Our study shows that compositional signatures obtained by clay minerals during early pedogenesis are inherited from their parent source rocks. Sediments sourced from volcanics contain highly disordered, dioctahedral smectite. Those sourced from Precambrian basement are similar, but are more Al-rich. Subsequent neoformation in the pedogenic (soil) or diagenetic (lake-margin, lake) environments results in the modification of original clay mineralogy, compositions, and textures, and unique paleoenvironmental fingerprints are acquired.
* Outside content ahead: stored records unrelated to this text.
(* Let $\mathbf c:[-l/2,l/2]\to\mathbb R^3$ ($l>0$) be an embedded arc parametrized by arc-length with nowhere vanishing curvature, and let $C$ be its image. Then $C$ admits a positive symmetry and a negative symmetry at the same time if and only if $C$ lies in a plane and $C$ has a non-trivial symmetry.
   Context: A symmetry of $C$ is an isometry $T\ne\mathrm{id}$ of $\mathbb R^3$ with $T(C)=C$; it is non-trivial if $T(\mathbf x)\ne\mathbf x$ for some $\mathbf x\in C$, and positive (resp. negative) if $T$ preserves (resp. reverses) the orientation of $\mathbb R^3$. *)

theory Defs
  imports "HOL-Analysis.Analysis"
begin

definition isometry3 :: "(real^3 \<Rightarrow> real^3) \<Rightarrow> bool" where
  "isometry3 T \<longleftrightarrow> (\<forall>x y. dist (T x) (T y) = dist x y)"

definition linear_part :: "(real^3 \<Rightarrow> real^3) \<Rightarrow> real^3 \<Rightarrow> real^3" where
  "linear_part T = (\<lambda>x. T x - T 0)"

definition orientation_preserving :: "(real^3 \<Rightarrow> real^3) \<Rightarrow> bool" where
  "orientation_preserving T \<longleftrightarrow> det (matrix (linear_part T)) > 0"

definition orientation_reversing :: "(real^3 \<Rightarrow> real^3) \<Rightarrow> bool" where
  "orientation_reversing T \<longleftrightarrow> det (matrix (linear_part T)) < 0"

definition symmetry_of :: "(real^3) set \<Rightarrow> (real^3 \<Rightarrow> real^3) \<Rightarrow> bool" where
  "symmetry_of C T \<longleftrightarrow> isometry3 T \<and> T \<noteq> id \<and> T ` C = C"

definition nontrivial_symmetry_of :: "(real^3) set \<Rightarrow> (real^3 \<Rightarrow> real^3) \<Rightarrow> bool" where
  "nontrivial_symmetry_of C T \<longleftrightarrow> symmetry_of C T \<and> (\<exists>x\<in>C. T x \<noteq> x)"

definition positive_symmetry_of :: "(real^3) set \<Rightarrow> (real^3 \<Rightarrow> real^3) \<Rightarrow> bool" where
  "positive_symmetry_of C T \<longleftrightarrow> symmetry_of C T \<and> orientation_preserving T"

definition negative_symmetry_of :: "(real^3) set \<Rightarrow> (real^3 \<Rightarrow> real^3) \<Rightarrow> bool" where
  "negative_symmetry_of C T \<longleftrightarrow> symmetry_of C T \<and> orientation_reversing T"

definition lies_in_plane :: "(real^3) set \<Rightarrow> bool" where
  "lies_in_plane C \<longleftrightarrow> (\<exists>n d. n \<noteq> 0 \<and> (\<forall>x\<in>C. n \<bullet> x = d))"
definition orthonormal_n :: "nat \<Rightarrow> (nat \<Rightarrow> 'x) \<Rightarrow> (nat \<Rightarrow> 'x \<Rightarrow> real) \<Rightarrow> nat set \<Rightarrow> bool" where
  "orthonormal_n n x phi m \<longleftrightarrow>
     (\<forall>j\<in>m. \<forall>k\<in>m. inner_n n x (phi j) (phi k) = (if j = k then 1 else 0))"

lemma inner_n_commute: "inner_n n x f g = inner_n n x g f"
  unfolding inner_n_def by (simp add: mult.commute)

lemma inner_n_sum_left:
  "inner_n n x (\<lambda>z. \<Sum>j\<in>m. c j * phi j z) g = (\<Sum>j\<in>m. c j * inner_n n x (phi j) g)"
  unfolding inner_n_def by (simp add: sum_distrib_left sum_distrib_right sum.swap[of _ m] algebra_simps)

lemma orthonormal_n_coeff:
  assumes "orthonormal_n n x phi m" "finite m" "k \<in> m"
  shows "inner_n n x (\<lambda>z. \<Sum>j\<in>m. c j * phi j z) (phi k) = c k"
proof -
  have "(\<Sum>j\<in>m. c j * inner_n n x (phi j) (phi k)) = (\<Sum>j\<in>m. if j = k then c j else 0)"
    using assms unfolding orthonormal_n_def by (intro sum.cong) auto
  with assms show ?thesis by (simp add: inner_n_sum_left)
qed

lemma orthonormal_n_norm:
  assumes "orthonormal_n n x phi m" "finite m"
  shows "inner_n n x (\<lambda>z. \<Sum>j\<in>m. c j * phi j z) (\<lambda>z. \<Sum>j\<in>m. c j * phi j z) = (\<Sum>j\<in>m. (c j)^2)"
proof -
  let ?f = "\<lambda>z. \<Sum>j\<in>m. c j * phi j z"
  have "inner_n n x ?f ?f = (\<Sum>j\<in>m. c j * inner_n n x ?f (phi j))"
    by (simp add: inner_n_sum_left inner_n_commute[of n x "phi _" ?f])
  also have "\<dots> = (\<Sum>j\<in>m. (c j)^2)"
    using assms by (simp add: orthonormal_n_coeff power2_eq_square)
  finally show ?thesis .
qed

lemma sum_apply: "(\<Sum>a\<in>A. f a) z = (\<Sum>a\<in>A. f a z)"
  by (induction A rule: infinite_finite_induct) auto

lemma D_m_orthonormal:
  assumes orth: "orthonormal_n n x phi m" and "finite m"
  shows "D_m phi m = card m"
proof -
  interpret V: vector_space "\<lambda>c (f::'x \<Rightarrow> real) z. c * f z"
    by unfold_locales (auto simp: fun_eq_iff algebra_simps)
  have inj: "inj_on phi m"
  proof (rule inj_onI)
    fix j k assume "j \<in> m" "k \<in> m" "phi j = phi k"
    then show "j = k" using orth unfolding orthonormal_n_def by (metis one_neq_zero)
  qed
  have "\<not> V.dependent (phi ` m)"
  proof
    assume "V.dependent (phi ` m)"
    then obtain u where u: "\<exists>v\<in>phi ` m. u v \<noteq> 0" and "(\<Sum>v\<in>phi ` m. (\<lambda>z. u v * v z)) = 0"
      using V.dependent_finite \<open>finite m\<close> by blast
    then have "(\<Sum>v\<in>phi ` m. u v * v z) = 0" for z
      using sum_apply[of "\<lambda>v z. u v * v z" "phi ` m" z] by simp
    then have zero: "(\<lambda>z. \<Sum>j\<in>m. u (phi j) * phi j z) = (\<lambda>_. 0)"
      by (simp add: sum.reindex[OF inj])
    have "u (phi k) = 0" if "k \<in> m" for k
      using orthonormal_n_coeff[OF orth \<open>finite m\<close> that, of "u \<circ> phi"]
      by (simp add: zero inner_n_def)
    with u show False by blast
  qed
  then have "D_m phi m = card (phi ` m)"
    unfolding D_m_def by (rule V.dim_eq_card_independent)
  with inj show ?thesis by (simp add: card_image)
qed

lemma expect_sum_sq_projections_le:
  assumes "orthonormal_n n x phi m" "finite m"
  shows "expect n x f (\<lambda>Y. \<Sum>j\<in>m. (\<Sum>i<n. (Y i - pi_l (f (x i))) * phi j (x i))^2)
           \<le> real n * real (card m)"
proof -
  have norm: "(\<Sum>i<n. (phi j (x i))^2) = real n" if "j \<in> m" for j
  proof (cases "n = 0")
    case False
    have "inner_n n x (phi j) (phi j) = 1" using assms that unfolding orthonormal_n_def by simp
    with False show ?thesis by (simp add: inner_n_def power2_eq_square)
  qed simp
  have "(\<Sum>j\<in>m. expect n x f (\<lambda>Y. (\<Sum>i<n. (Y i - pi_l (f (x i))) * phi j (x i))^2))
      \<le> (\<Sum>j\<in>m. real n)"
  proof (rule sum_mono)
    fix j assume "j \<in> m"
    then show "expect n x f (\<lambda>Y. (\<Sum>i<n. (Y i - pi_l (f (x i))) * phi j (x i))^2) \<le> real n"
      using expect_centered_linear_sq_le[of n x f "\<lambda>i. phi j (x i)"] norm by simp
  qed
  then show ?thesis by (simp add: expect_sum mult.commute)
qed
Soils developed on the distal pyroclastic fan contain smectite with more Fe(III) and Mg than smectite from the proximal pyroclastic fan sediments. A trend of decreasing Al and increasing Mg content occurs in smectite compositions in samples from the fluvial to lake-margin and lake environments as a result of partial replacement of original dioctahedral Al-rich smectite by neoformed trioctahedral Mg-rich smectite (stevensite). Neoformed celadonite replaces smectite in the most saline lake sediments.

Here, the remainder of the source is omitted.